RECORDS SUPPLIED Block Start
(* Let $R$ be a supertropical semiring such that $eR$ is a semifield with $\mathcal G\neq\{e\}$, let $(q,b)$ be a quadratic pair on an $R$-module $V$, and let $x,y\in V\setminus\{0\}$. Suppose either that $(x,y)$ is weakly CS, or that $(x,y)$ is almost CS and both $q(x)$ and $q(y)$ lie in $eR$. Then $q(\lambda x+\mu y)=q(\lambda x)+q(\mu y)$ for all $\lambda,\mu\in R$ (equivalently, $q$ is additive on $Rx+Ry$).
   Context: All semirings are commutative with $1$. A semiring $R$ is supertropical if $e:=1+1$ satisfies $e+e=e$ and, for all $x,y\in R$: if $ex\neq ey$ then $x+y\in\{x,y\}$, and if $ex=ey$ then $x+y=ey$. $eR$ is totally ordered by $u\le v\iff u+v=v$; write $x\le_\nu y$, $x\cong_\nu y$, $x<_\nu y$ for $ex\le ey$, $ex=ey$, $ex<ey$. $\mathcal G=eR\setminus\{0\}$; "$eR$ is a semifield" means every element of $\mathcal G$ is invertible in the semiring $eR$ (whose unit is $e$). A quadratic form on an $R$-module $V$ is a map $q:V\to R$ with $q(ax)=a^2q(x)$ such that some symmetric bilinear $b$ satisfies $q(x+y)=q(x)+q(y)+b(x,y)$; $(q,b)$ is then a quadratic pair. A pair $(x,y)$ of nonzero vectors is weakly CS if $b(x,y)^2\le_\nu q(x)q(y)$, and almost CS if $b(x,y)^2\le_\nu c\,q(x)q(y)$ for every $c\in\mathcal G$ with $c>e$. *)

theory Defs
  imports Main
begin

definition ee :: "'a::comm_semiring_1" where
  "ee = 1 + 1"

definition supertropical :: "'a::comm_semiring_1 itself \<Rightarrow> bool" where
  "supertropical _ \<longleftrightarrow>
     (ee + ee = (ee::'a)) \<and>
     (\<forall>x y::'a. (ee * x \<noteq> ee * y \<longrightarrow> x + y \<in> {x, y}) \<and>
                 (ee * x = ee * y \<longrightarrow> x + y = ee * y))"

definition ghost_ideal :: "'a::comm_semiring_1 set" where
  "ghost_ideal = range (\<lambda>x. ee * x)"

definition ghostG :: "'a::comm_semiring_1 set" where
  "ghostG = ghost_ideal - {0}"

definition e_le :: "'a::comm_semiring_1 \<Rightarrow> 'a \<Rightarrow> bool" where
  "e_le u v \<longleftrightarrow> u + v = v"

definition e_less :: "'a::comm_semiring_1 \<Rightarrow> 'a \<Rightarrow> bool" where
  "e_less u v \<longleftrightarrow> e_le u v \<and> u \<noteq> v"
RECORDS SUPPLIED Block End
- YOUR GOAL:
Filter the preceding entries down to the lines with "weakly".

- EXERCISE SOLUTION:
(* Let $R$ be a supertropical semiring such that $eR$ is a semifield with $\mathcal G\neq\{e\}$, let $(q,b)$ be a quadratic pair on an $R$-module $V$, and let $x,y\in V\setminus\{0\}$. Suppose either that $(x,y)$ is weakly CS, or that $(x,y)$ is almost CS and both $q(x)$ and $q(y)$ lie in $eR$. Then $q(\lambda x+\mu y)=q(\lambda x)+q(\mu y)$ for all $\lambda,\mu\in R$ (equivalently, $q$ is additive on $Rx+Ry$).
   Context: All semirings are commutative with $1$. A semiring $R$ is supertropical if $e:=1+1$ satisfies $e+e=e$ and, for all $x,y\in R$: if $ex\neq ey$ then $x+y\in\{x,y\}$, and if $ex=ey$ then $x+y=ey$. $eR$ is totally ordered by $u\le v\iff u+v=v$; write $x\le_\nu y$, $x\cong_\nu y$, $x<_\nu y$ for $ex\le ey$, $ex=ey$, $ex<ey$. $\mathcal G=eR\setminus\{0\}$; "$eR$ is a semifield" means every element of $\mathcal G$ is invertible in the semiring $eR$ (whose unit is $e$). A quadratic form on an $R$-module $V$ is a map $q:V\to R$ with $q(ax)=a^2q(x)$ such that some symmetric bilinear $b$ satisfies $q(x+y)=q(x)+q(y)+b(x,y)$; $(q,b)$ is then a quadratic pair. A pair $(x,y)$ of nonzero vectors is weakly CS if $b(x,y)^2\le_\nu q(x)q(y)$, and almost CS if $b(x,y)^2\le_\nu c\,q(x)q(y)$ for every $c\in\mathcal G$ with $c>e$. *)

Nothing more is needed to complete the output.